Sunday, October 13, 2013

Lincoln, Washington, DC & The Government Shutdown

Disclaimer: The following is an observation, and if you lean towards the conservative end of the political spectrum, you will not like this post at all. I try not to venture into these political debates for obvious reasons, but the current circumstances warranted my thoughts here.

I finally got a chance to see the fantastic historical drama, Lincoln. What a movie. To see Daniel Day-Lewis as Lincoln is to see Lincoln himself. And to see the trials and travails President Lincoln endured is priceless. Plus, to see some of the inner workings of the work done to pass the 13th Amendment, the abolition of slavery, is equally priceless. I could not help but see parallels in that movie with the current state of affairs related to the government-induced shutdown. Sure, there are some parallels between these two events, but on a very topical and very basic level. One obviously cannot come close to comparing the abolition of slavery to what caused the current government shutdown. 

A vote to modify the U.S. Constitution to end slavery by way of an amendment was a tremendous undertaking. Both sides sparred and bickered to convey their point across the aisle in the hopes of making a convincing argument. Now, compare that to the pettiness behind the shutdown and why it continues to fester. And what bothers me more than anything is where the GOP lays the blame and how they go about laying this blame, and why I chose to wade into this prickly political discussion. 

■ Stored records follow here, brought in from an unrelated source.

primrec diter :: "(int \<Rightarrow> 'a \<Rightarrow> 'a) \<Rightarrow> nat \<Rightarrow> int \<Rightarrow> 'a \<Rightarrow> 'a" where
  "diter d 0 p a = a"
| "diter d (Suc k) p a = d (p + int k) (diter d k p a)"

definition K_differential :: "('k::field \<Rightarrow> 'a::ab_group_add \<Rightarrow> 'a) \<Rightarrow> (int \<Rightarrow> 'a set)
     \<Rightarrow> (int \<Rightarrow> 'a \<Rightarrow> 'a) \<Rightarrow> nat \<Rightarrow> bool" where
  "K_differential sc H d K \<longleftrightarrow>
     (\<forall>p. \<forall>a\<in>H p. d p a \<in> H (p + 1)) \<and>
     (\<forall>p. \<forall>a\<in>H p. \<forall>b\<in>H p. d p (a + b) = d p a + d p b) \<and>
     (\<forall>p c. \<forall>a\<in>H p. d p (sc c a) = sc c (d p a)) \<and>
     (\<forall>p. \<forall>a\<in>H p. diter d K p a = 0)"

definition K_dga :: "('k::field \<Rightarrow> 'a::ab_group_add \<Rightarrow> 'a) \<Rightarrow> (int \<Rightarrow> 'a set)
     \<Rightarrow> ('a \<Rightarrow> 'a \<Rightarrow> 'a) \<Rightarrow> (int \<Rightarrow> 'a \<Rightarrow> 'a) \<Rightarrow> nat \<Rightarrow> bool" where
  "K_dga sc H m d K \<longleftrightarrow>
     graded_space sc H \<and>
     (\<forall>p q. \<forall>a\<in>H p. \<forall>b\<in>H q. m a b \<in> H (p + q)) \<and>
     (\<forall>p q. \<forall>a\<in>H p. \<forall>a'\<in>H p. \<forall>b\<in>H q. m (a + a') b = m a b + m a' b) \<and>
     (\<forall>p q. \<forall>a\<in>H p. \<forall>b\<in>H q. \<forall>b'\<in>H q. m a (b + b') = m a b + m a b') \<and>
     (\<forall>p q c. \<forall>a\<in>H p. \<forall>b\<in>H q. m (sc c a) b = sc c (m a b) \<and> m a (sc c b) = sc c (m a b)) \<and>
     (\<forall>p q r. \<forall>a\<in>H p. \<forall>b\<in>H q. \<forall>e\<in>H r. m (m a b) e = m a (m b e)) \<and>
     K_differential sc H d K \<and>
     (\<forall>p q. \<forall>a\<in>H p. \<forall>b\<in>H q.
        d (p + q) (m a b) = m (d p a) b + sc (psign p) (m a (d q b)))"

definition K_dgla :: "('k::field \<Rightarrow> 'a::ab_group_add \<Rightarrow> 'a) \<Rightarrow> (int \<Rightarrow> 'a set)
     \<Rightarrow> (int \<Rightarrow> int \<Rightarrow> 'a \<Rightarrow> 'a \<Rightarrow> 'a) \<Rightarrow> (int \<Rightarrow> 'a \<Rightarrow> 'a) \<Rightarrow> nat \<Rightarrow> bool" where
  "K_dgla sc H br d K \<longleftrightarrow>
     graded_space sc H \<and>
     (\<forall>p q. \<forall>a\<in>H p. \<forall>b\<in>H q. br p q a b \<in> H (p + q)) \<and>
     (\<forall>p q. \<forall>a\<in>H p. \<forall>a'\<in>H p. \<forall>b\<in>H q. br p q (a + a') b = br p q a b + br p q a' b) \<and>
     (\<forall>p q. \<forall>a\<in>H p. \<forall>b\<in>H q. \<forall>b'\<in>H q. br p q a (b + b') = br p q a b + br p q a b') \<and>
     (\<forall>p q c. \<forall>a\<in>H p. \<forall>b\<in>H q.
        br p q (sc c a) b = sc c (br p q a b) \<and> br p q a (sc c b) = sc c (br p q a b)) \<and>
     (\<forall>p q. \<forall>a\<in>H p. \<forall>b\<in>H q. br p q a b = - sc (psign (p * q)) (br q p b a)) \<and>
     (\<forall>p q r. \<forall>a\<in>H p. \<forall>b\<in>H q. \<forall>e\<in>H r.
        br p (q + r) a (br q r b e)
          = br (p + q) r (br p q a b) e + sc (psign (p * q)) (br q (p + r) b (br p r a e))) \<and>
     K_differential sc H d K \<and>
     (\<forall>p q. \<forall>a\<in>H p. \<forall>b\<in>H q.
        d (p + q) (br p q a b) = br (p + 1) q (d p a) b + sc (psign p) (br p (q + 1) a (d q b)))"

end

theory Submission
  imports Defs
begin

text \<open>Apart from nilpotency everything is a sign computation.  Composition is associative,
  and d f = \<delta> f - (-1)^p f \<delta> is the graded commutator with the degree-one map \<delta>, hence a
  derivation both of composition and of the graded commutator.  Coderivations are closed
  under the graded commutator by the interchange law
  (1 \<otimes> f) (g \<otimes> 1) = (-1)^(p q) (g \<otimes> 1) (1 \<otimes> f) for f, g of degrees p, q: the mixed terms of
  \<Delta> f g and \<Delta> g f cancel in the commutator.  For nilpotency, d^k f is a linear combination
  of the maps \<delta>^a f \<delta>^b with a + b = k; for k = 2N - 1 always a \<ge> N or b \<ge> N, so every
  term is killed by \<delta>^N = 0.\<close>

lemma lookup_smult [simp]: "Poly_Mapping.lookup (smult c v) i = c * Poly_Mapping.lookup v i"
  by (simp add: smult_def map.rep_eq when_def)
(* Let $X$ be an object of a double complex in a well-powered abelian category. (a) If any one of the $L$-homologies ${}^{h}X_\wedge,\ {}^{h}X_d,\ {}^{\vee}X_d,\ {}^{\vee}X_h,\ {}^{d}X_h,\ {}^{d}X_\wedge,\ X_d$ is trivial, then $X_h$ is trivial. (b) If any one of the $L$-homologies ${}^{v}X_\wedge,\ {}^{v}X_d,\ {}^{\vee}X_d,\ {}^{\vee}X_v,\ {}^{d}X_v,\ {}^{d}X_\wedge,\ X_d$ is trivial, then $X_v$ is trivial. (c) If $X_d$ is trivial, then every $L$-homology of $X$ is trivial.
   Context: A double complex in a well-powered abelian category consists of objects $X_{i,j}$ ($i,j\in\mathbb Z$), horizontal morphisms $X_{i,j}\to X_{i+1,j}$ and vertical morphisms $X_{i,j}\to X_{i,j+1}$ such that consecutive horizontal morphisms compose to $0$, consecutive vertical morphisms compose to $0$, and every square commutes. For $X=X_{i,j}$ write $h^{\rm in}_X, h^{\rm out}_X$ for the horizontal morphisms into and out of $X$, $v^{\rm in}_X,v^{\rm out}_X$ for the vertical ones, and $\delta^{\rm in}_X\colon X_{i-1,j-1}\to X$, $\delta^{\rm out}_X\colon X\to X_{i+1,j+1}$ for the diagonal composites. Set $\mathsf K^h=\operatorname{Ker}h^{\rm out}_X$, $\mathsf K^v=\operatorname{Ker}v^{\rm out}_X$, $\mathsf K^d=\operatorname{Ker}\delta^{\rm out}_X$, $\mathsf I^h=\operatorname{Im}h^{\rm in}_X$, $\mathsf I^v=\operatorname{Im}v^{\rm in}_X$, $\mathsf I^d=\operatorname{Im}\delta^{\rm in}_X$. An $L$-homology of $X$ is a pair $(U,V)$ with $U$ in the sublattice generated by $\mathsf K^h,\mathsf K^v,\mathsf K^d$, $V$ in the sublattice generated by $\mathsf I^h,\mathsf I^v,\mathsf I^d$, and $V\le U$; it is written $U/V$ and called trivial if the quotient $U/V$ is a zero object (i.e. $U=V$). Named $L$-homologies: $X_h=\mathsf K^h/\mathsf I^h$, $X_v=\mathsf K^v/\mathsf I^v$, $X_d=\mathsf K^d/\mathsf I^d$, ${}^{\vee}X_h=(\mathsf K^h\vee\mathsf K^v)/\mathsf I^h$, ${}^{d}X_h=\mathsf K^d/\mathsf I^h$, ${}^{\vee}X_v=(\mathsf K^h\vee\mathsf K^v)/\mathsf I^v$, ${}^{d}X_v=\mathsf K^d/\mathsf I^v$, ${}^{h}X_d=\mathsf K^h/\mathsf I^d$, ${}^{v}X_d=\mathsf K^v/\mathsf I^d$, ${}^{\vee}X_d=(\mathsf K^h\vee\mathsf K^v)/\mathsf I^d$, ${}^{h}X_\wedge=\mathsf K^h/(\mathsf I^h\wedge\mathsf I^v)$, ${}^{v}X_\wedge=\mathsf K^v/(\mathsf I^h\wedge\mathsf I^v)$, ${}^{d}X_\wedge=\mathsf K^d/(\mathsf I^h\wedge\mathsf I^v)$. *)

theory Defs
  imports Main
begin
(* Let $\mathcal S$ be a system and $\mathcal T$ a target behavior. If $\tilde{\mathcal T}_1$ and $\tilde{\mathcal T}_2$ are both optimal approximations of $\mathcal T$ on $\mathcal S$, then $\tilde{\mathcal T}_1\sim\tilde{\mathcal T}_2$; i.e., the optimal approximation is unique up to simulation equivalence.
   Context: A behavior is a tuple $\mathcal B=\langle B,\mathcal A,b_0,\varrho\rangle$ with $B$ a finite set of states, $\mathcal A$ a set of actions, $b_0\in B$ the initial state, and $\varrho\subseteq B\times\mathcal A\times B$ a transition relation (written $b\xrightarrow{a}b'$); every state is assumed to have at least one outgoing transition. A system is a tuple $\mathcal S=\langle\mathcal B_1,\dots,\mathcal B_n\rangle$ of behaviors $\mathcal B_i=\langle B_i,\mathcal A_i,b_{i0},\varrho_i\rangle$. Its enacted system has states $B_1\times\dots\times B_n$ (for a state $s$, $\mathrm{beh}_i(s)$ denotes its $i$-th component), initial state $s_0=\langle b_{10},\dots,b_{n0}\rangle$, and transitions $s\xrightarrow{a,k}s'$ iff $\mathrm{beh}_k(s)\xrightarrow{a}\mathrm{beh}_k(s')$ in $\mathcal B_k$ and $\mathrm{beh}_i(s')=\mathrm{beh}_i(s)$ for all $i\neq k$. A system history is a finite sequence $h=s^0\xrightarrow{a^1,k^1}s^1\cdots\xrightarrow{a^\ell,k^\ell}s^\ell$ of enacted-system transitions with $s^0=s_0$; $\mathcal H_{\mathcal S}$ is the set of system histories, $|h|=\ell$, $\mathrm{last}(h)=s^\ell$, and $h|_i$ is the prefix of length $i$. A target behavior $\mathcal T=\langle T,\mathcal A,t_0,\varrho_T\rangle$ is a (possibly nondeterministic) behavior; a trace of $\mathcal T$ is a finite or infinite sequence $t^0\xrightarrow{a^1}t^1\xrightarrow{a^2}\cdots$ with $t^0=t_0$ and each step in $\varrho_T$. A controller for $\mathcal T$ on $\mathcal S$ is a partial function $C:\mathcal H_{\mathcal S}\times\varrho_T\to\{1,\dots,n\}$. $C$ realizes a trace $\tau=t^0\xrightarrow{a^1}t^1\xrightarrow{a^2}\cdots$ of $\mathcal T$ if for every $j$ such that $\tau$ has a step $t^j\xrightarrow{a^{j+1}}t^{j+1}$, and every system history $h=s^0\xrightarrow{a^1,k^1}\cdots\xrightarrow{a^j,k^j}s^j$ with $k^i=C(h|_{i-1},t^{i-1}\xrightarrow{a^i}t^i)$ for all $1\le i\le j$, the value $k=C(h,t^j\xrightarrow{a^{j+1}}t^{j+1})$ is defined and $\mathrm{beh}_k(s^j)$ has an outgoing $a^{j+1}$-transition in $\mathcal B_k$. $C$ is an exact composition for $\mathcal T$ on $\mathcal S$ if it realizes all traces of $\mathcal T$. For target behaviors $\mathcal T_i=\langle T_i,\mathcal A,t_{i0},\varrho_i\rangle$ ($i=1,2$), a simulation of $\mathcal T_2$ by $\mathcal T_1$ is a relation $R\subseteq T_2\times T_1$ such that $\langle t_2,t_1\rangle\in R$ and $\langle t_2,a,t_2'\rangle\in\varrho_2$ imply some $\langle t_1,a,t_1'\rangle\in\varrho_1$ with $\langle t_2',t_1'\rangle\in R$. $\mathcal T_2\preceq\mathcal T_1$ iff some simulation contains $\langle t_{20},t_{10}\rangle$; $\mathcal T_2\prec\mathcal T_1$ iff $\mathcal T_2\preceq\mathcal T_1$ and not $\mathcal T_1\preceq\mathcal T_2$; $\mathcal T_1\sim\mathcal T_2$ iff both $\preceq$ hold. $\tilde{\mathcal T}$ is an approximation of $\mathcal T$ on $\mathcal S$ iff $\tilde{\mathcal T}\preceq\mathcal T$ and there is an exact composition for $\tilde{\mathcal T}$ on $\mathcal S$. $\tilde{\mathcal T}$ is an optimal approximation of $\mathcal T$ on $\mathcal S$ iff it is an approximation of $\mathcal T$ on $\mathcal S$ and there is no approximation $\tilde{\mathcal T}'$ of $\mathcal T$ on $\mathcal S$ with $\tilde{\mathcal T}\prec\tilde{\mathcal T}'$. *)

theory Defs
  imports Main "HOL-Library.Extended_Nat"
begin
lemma phi_second_partials:
  assumes "s \<ge> 2" "phi_interior r s a b"
  shows "phi_aa r s a b = phi_convex_curv r a b - phi_concave_aa s a b"
    and "phi_ab r s a b = phi_convex_curv r a b - phi_concave_ab s a b"
    and "phi_ba r s a b = phi_convex_curv r a b - phi_concave_ab s a b"
    and "phi_bb r s a b = phi_convex_curv r a b - phi_concave_bb r s a b"
proof -
  have "s \<noteq> 1" using assms(1) by auto
  show "phi_aa r s a b = phi_convex_curv r a b - phi_concave_aa s a b"
    unfolding phi_aa_def
    by (rule deriv_of_deriv_eq[where S = "{x. phi_interior r s x b}" and F = "\<lambda>_ x. phi r s x b"
          and D = "\<lambda>x. dphi_a r s x b" and p = "\<lambda>x. x"])
       (simp_all add: open_phi_interior_a assms phi_deriv_a[OF \<open>s \<noteq> 1\<close>] dphi_a_deriv_a[OF assms(2)])
  show "phi_ab r s a b = phi_convex_curv r a b - phi_concave_ab s a b"
    unfolding phi_ab_def
    by (rule deriv_of_deriv_eq[where S = "{y. phi_interior r s a y}" and F = "\<lambda>y x. phi r s x y"
          and D = "\<lambda>y. dphi_a r s a y" and p = "\<lambda>_. a"])
       (simp_all add: open_phi_interior_b assms phi_deriv_a[OF \<open>s \<noteq> 1\<close>] dphi_a_deriv_b[OF assms(2)])
  show "phi_ba r s a b = phi_convex_curv r a b - phi_concave_ab s a b"
    unfolding phi_ba_def
    by (rule deriv_of_deriv_eq[where S = "{x. phi_interior r s x b}" and F = "\<lambda>x y. phi r s x y"
          and D = "\<lambda>x. dphi_b r s x b" and p = "\<lambda>_. b"])
       (simp_all add: open_phi_interior_a assms phi_deriv_b[OF assms(1)] dphi_b_deriv_a[OF \<open>s \<noteq> 1\<close> assms(2)])
  show "phi_bb r s a b = phi_convex_curv r a b - phi_concave_bb r s a b"
    unfolding phi_bb_def
    by (rule deriv_of_deriv_eq[where S = "{y. phi_interior r s a y}" and F = "\<lambda>_ y. phi r s a y"
          and D = "\<lambda>y. dphi_b r s a y" and p = "\<lambda>y. y"])
       (simp_all add: open_phi_interior_b assms phi_deriv_b[OF assms(1)] dphi_b_deriv_b[OF assms(2)])
qed

lemma phi_increment:
  assumes "s \<ge> 2"
  shows "phi r s (a + x) (b + y) - phi r s a b = dphi_a r s a b * x + dphi_b r s a b * y
    + xlnx_rem (a + b) (x + y) + xlnx_rem (real r - 1 - a - b) (- (x + y))
    - 2 / (real s - 1) * xlnx_rem b y - xlnx_rem a x
    - 1 / (real s * (real s - 1)) * xlnx_rem (real r * real s - real r - real s - real s * b) (- (real s * y))
    - 1 / (real s - 1) * xlnx_rem (1 - (real s - 1) * a - b) (- ((real s - 1) * x + y))"
proof -
  define k1 where "k1 = 1 / (real s - 1)"
  define k2 where "k2 = 1 / (real s * (real s - 1))"
  have k: "k1 * (real s - 1) = 1" "k2 * real s = k1" using assms by (auto simp: k1_def k2_def)
  have coeffs: "2 / (real s - 1) = 2 * k1" "1 / (real s - 1) = k1" "1 / (real s * (real s - 1)) = k2"
    by (simp_all add: k1_def k2_def)
  have args: "(a + x) + (b + y) = (a + b) + (x + y)"
    "real r - 1 - (a + x) - (b + y) = (real r - 1 - a - b) + - (x + y)"
    "real r * real s - real r - real s - real s * (b + y)
       = (real r * real s - real r - real s - real s * b) + - (real s * y)"
    "1 - (real s - 1) * (a + x) - (b + y) = (1 - (real s - 1) * a - b) + - ((real s - 1) * x + y)"
    by (simp_all add: algebra_simps)
  show ?thesis
    unfolding phi_def args unfolding g_eq xlnx_rem_def dphi_a_def dphi_b_def coeffs
    using k by algebra
qed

According many a conservative, the blame lays right at the feet of President Obama and the Affordable Care Act, or as it is pejoratively known, ObamaCare. Tea party faction conservatives say that the President should repeal the ACA in order to bring them back to the negotiating table. They want the President to repeal a law that this same Congress voted into law. They want the Democrats to repeal a law that was signed into law. A law held up by the United States Supreme Court as constitutional. The Republicans now hold up the day-to-day business of the government just because they did not get their way in the almost forty times they voted to try to repeal the ACA-- an act whose origins and ideas are GOP and capitalist-based. Apparently, all of these folks forgot that Republican Mitt Romney installed a extremely similar act while as the governor of Massachusetts several years ago.

But the hypocrisy does not stop there. Perhaps a day or so after the government shutdown, a GOP congressman was seen harassing US Park Rangers at a closed DC war memorial. This congressman's rant hinged on why DC war memorials were closed to the public. Uh, really? No, seriously. Really? Let's just say that any Republican congressman can look at his or herself in the mirror if they want the best answer to those type of questions. Thankfully when this happened, a furloughed government worker happened to be nearby, caught wind of these misdirected accusations and called out the congressman. Republican lawmakers and celebrities are now found trolling in and around DC memorials in order to prove that President Obama's reluctance to negotiate is the main reason for the government shutdown. I guess if you say it enough times, it becomes the truth. Changing the narrative seems to be a last ditch effort for GOP in this pricey political scrum.

This dissonance is certainly deafening.

I am sorry if you do not agree with me here, but I just cannot wrap my head around the GOP notion that President Obama is behind the government shutdown when it is not up to him to come up with a Congressional spending bill. Oh...did you catch that? I said, Congressional spending bill and not a Presidential spending bill. The blame lays not on President Obama and a repeal of the ACA, but with those whose job it is to come up with a spending bill. It is up to those folks whose sole purpose to be in Washington, DC is to find a way to keep this country moving forward and not to keep it from working and standing still at the expense of the taxpayers.